BRIEF >> Using the listing below, print exactly everything from the line with "after multiplying both" down to the line with "tmul s \<kappa> (tmul s \<kappa> (tmul s \<kappa> (Rminus", both included, and nothing more.

TASK INPUTS >>
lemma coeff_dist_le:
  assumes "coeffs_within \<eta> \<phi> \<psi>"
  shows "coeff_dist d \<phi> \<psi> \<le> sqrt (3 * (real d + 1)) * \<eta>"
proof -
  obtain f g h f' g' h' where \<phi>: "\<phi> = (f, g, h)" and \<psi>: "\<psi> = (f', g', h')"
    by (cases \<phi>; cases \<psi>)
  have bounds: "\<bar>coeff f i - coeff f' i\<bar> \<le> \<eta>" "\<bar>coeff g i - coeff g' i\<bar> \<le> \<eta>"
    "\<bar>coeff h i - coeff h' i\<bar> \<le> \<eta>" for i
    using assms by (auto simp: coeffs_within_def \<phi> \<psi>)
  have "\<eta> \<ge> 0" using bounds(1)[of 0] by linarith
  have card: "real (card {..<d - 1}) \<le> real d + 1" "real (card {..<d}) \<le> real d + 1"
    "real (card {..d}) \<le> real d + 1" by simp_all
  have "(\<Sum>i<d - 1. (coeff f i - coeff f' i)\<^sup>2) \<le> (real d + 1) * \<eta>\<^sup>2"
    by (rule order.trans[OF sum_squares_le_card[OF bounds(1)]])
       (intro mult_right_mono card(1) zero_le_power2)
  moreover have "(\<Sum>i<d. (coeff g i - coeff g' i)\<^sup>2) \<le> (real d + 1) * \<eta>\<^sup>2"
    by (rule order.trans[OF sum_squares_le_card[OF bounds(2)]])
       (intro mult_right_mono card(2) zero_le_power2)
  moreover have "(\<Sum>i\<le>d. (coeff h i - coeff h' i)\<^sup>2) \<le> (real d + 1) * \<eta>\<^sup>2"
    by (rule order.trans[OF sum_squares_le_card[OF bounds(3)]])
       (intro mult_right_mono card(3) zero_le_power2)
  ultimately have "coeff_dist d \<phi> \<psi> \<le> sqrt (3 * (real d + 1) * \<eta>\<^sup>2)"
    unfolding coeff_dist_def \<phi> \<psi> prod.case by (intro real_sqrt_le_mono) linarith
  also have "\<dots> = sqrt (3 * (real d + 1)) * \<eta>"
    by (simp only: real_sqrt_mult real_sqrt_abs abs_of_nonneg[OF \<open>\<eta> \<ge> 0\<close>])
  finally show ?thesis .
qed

--

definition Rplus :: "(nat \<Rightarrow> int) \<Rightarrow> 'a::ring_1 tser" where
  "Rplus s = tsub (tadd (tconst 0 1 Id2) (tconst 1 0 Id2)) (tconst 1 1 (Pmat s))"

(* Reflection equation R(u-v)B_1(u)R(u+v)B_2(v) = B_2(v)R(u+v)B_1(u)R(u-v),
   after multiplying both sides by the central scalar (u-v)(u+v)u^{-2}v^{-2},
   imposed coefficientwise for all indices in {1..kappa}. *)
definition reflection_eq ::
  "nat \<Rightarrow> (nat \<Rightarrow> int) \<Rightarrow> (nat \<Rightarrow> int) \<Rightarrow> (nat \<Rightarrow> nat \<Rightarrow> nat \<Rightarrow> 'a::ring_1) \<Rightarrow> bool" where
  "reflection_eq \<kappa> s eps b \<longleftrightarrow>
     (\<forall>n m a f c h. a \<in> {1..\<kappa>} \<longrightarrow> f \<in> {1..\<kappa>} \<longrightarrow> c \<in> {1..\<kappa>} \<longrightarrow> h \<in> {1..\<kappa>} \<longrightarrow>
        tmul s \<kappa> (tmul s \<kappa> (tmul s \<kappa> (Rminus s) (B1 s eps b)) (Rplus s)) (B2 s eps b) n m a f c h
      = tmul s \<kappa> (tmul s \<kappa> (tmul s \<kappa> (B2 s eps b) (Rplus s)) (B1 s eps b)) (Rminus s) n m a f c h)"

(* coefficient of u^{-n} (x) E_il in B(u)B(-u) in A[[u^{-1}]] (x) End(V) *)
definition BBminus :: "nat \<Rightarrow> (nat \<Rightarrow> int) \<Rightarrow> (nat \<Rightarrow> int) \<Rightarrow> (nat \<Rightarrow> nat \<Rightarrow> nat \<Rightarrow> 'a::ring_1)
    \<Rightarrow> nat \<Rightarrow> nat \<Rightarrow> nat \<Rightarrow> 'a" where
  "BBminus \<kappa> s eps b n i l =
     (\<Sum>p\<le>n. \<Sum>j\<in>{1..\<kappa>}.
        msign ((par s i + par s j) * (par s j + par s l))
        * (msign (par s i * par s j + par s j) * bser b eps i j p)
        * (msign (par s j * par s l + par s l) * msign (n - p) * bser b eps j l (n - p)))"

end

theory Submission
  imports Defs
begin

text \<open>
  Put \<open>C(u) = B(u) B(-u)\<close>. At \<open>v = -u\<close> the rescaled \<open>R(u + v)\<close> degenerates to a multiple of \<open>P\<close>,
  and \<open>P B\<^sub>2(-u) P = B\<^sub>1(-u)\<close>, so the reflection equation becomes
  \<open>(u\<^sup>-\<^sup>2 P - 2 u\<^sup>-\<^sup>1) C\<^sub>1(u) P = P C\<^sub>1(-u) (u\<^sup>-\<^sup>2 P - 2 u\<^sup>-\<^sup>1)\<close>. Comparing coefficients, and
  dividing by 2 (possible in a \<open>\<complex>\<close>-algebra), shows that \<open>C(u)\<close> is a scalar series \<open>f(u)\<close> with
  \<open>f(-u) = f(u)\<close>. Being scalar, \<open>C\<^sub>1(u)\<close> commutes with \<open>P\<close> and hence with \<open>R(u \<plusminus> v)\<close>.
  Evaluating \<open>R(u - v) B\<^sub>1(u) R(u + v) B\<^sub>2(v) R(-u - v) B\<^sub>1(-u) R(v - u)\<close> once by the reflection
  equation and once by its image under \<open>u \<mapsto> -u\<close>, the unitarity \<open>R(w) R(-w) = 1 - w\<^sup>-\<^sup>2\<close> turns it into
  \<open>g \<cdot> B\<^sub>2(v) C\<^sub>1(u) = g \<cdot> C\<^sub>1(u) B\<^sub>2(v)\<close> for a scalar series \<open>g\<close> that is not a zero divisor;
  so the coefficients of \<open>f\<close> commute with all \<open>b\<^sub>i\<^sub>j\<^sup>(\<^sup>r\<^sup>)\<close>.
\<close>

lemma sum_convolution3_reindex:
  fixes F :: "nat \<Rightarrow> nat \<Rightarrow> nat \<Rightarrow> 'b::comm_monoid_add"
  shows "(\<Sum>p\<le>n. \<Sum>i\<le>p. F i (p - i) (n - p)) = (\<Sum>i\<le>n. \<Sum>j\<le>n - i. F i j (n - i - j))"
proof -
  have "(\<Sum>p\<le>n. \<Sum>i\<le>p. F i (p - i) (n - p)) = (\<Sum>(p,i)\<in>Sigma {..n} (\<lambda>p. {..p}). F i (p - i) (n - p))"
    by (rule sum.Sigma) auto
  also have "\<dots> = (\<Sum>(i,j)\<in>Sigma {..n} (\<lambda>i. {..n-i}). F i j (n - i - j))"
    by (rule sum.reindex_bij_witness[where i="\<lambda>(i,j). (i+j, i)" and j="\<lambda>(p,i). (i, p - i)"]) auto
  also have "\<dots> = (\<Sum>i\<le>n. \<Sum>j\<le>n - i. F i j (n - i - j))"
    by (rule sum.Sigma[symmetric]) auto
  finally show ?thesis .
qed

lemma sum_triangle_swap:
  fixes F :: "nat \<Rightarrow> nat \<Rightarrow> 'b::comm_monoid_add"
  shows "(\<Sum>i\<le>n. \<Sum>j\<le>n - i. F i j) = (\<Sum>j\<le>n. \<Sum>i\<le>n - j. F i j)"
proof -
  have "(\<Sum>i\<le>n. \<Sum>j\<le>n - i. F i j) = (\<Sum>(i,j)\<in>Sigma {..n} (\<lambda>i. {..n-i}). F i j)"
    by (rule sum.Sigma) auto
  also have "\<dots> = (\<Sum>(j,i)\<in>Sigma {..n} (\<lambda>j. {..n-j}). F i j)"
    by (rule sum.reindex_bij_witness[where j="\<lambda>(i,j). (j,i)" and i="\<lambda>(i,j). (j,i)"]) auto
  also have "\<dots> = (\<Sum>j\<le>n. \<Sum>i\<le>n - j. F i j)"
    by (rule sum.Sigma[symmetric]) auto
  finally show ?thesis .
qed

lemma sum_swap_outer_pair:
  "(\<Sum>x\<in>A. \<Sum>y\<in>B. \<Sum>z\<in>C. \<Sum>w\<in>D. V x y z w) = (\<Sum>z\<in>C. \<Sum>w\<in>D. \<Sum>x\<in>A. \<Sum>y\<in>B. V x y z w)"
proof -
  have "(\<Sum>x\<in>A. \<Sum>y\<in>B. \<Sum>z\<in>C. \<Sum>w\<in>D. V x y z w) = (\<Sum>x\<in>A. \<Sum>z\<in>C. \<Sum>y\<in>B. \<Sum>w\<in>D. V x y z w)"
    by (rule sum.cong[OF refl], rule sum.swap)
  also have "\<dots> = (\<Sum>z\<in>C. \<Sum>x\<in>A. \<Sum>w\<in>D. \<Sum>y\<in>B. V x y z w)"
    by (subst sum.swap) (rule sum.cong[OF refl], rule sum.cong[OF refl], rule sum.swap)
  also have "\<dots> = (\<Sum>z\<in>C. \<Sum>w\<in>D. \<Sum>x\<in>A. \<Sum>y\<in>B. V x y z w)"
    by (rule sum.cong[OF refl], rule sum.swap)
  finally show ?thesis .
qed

REPLY >>
   after multiplying both sides by the central scalar (u-v)(u+v)u^{-2}v^{-2},
   imposed coefficientwise for all indices in {1..kappa}. *)
definition reflection_eq ::
  "nat \<Rightarrow> (nat \<Rightarrow> int) \<Rightarrow> (nat \<Rightarrow> int) \<Rightarrow> (nat \<Rightarrow> nat \<Rightarrow> nat \<Rightarrow> 'a::ring_1) \<Rightarrow> bool" where
  "reflection_eq \<kappa> s eps b \<longleftrightarrow>
     (\<forall>n m a f c h. a \<in> {1..\<kappa>} \<longrightarrow> f \<in> {1..\<kappa>} \<longrightarrow> c \<in> {1..\<kappa>} \<longrightarrow> h \<in> {1..\<kappa>} \<longrightarrow>
        tmul s \<kappa> (tmul s \<kappa> (tmul s \<kappa> (Rminus s) (B1 s eps b)) (Rplus s)) (B2 s eps b) n m a f c h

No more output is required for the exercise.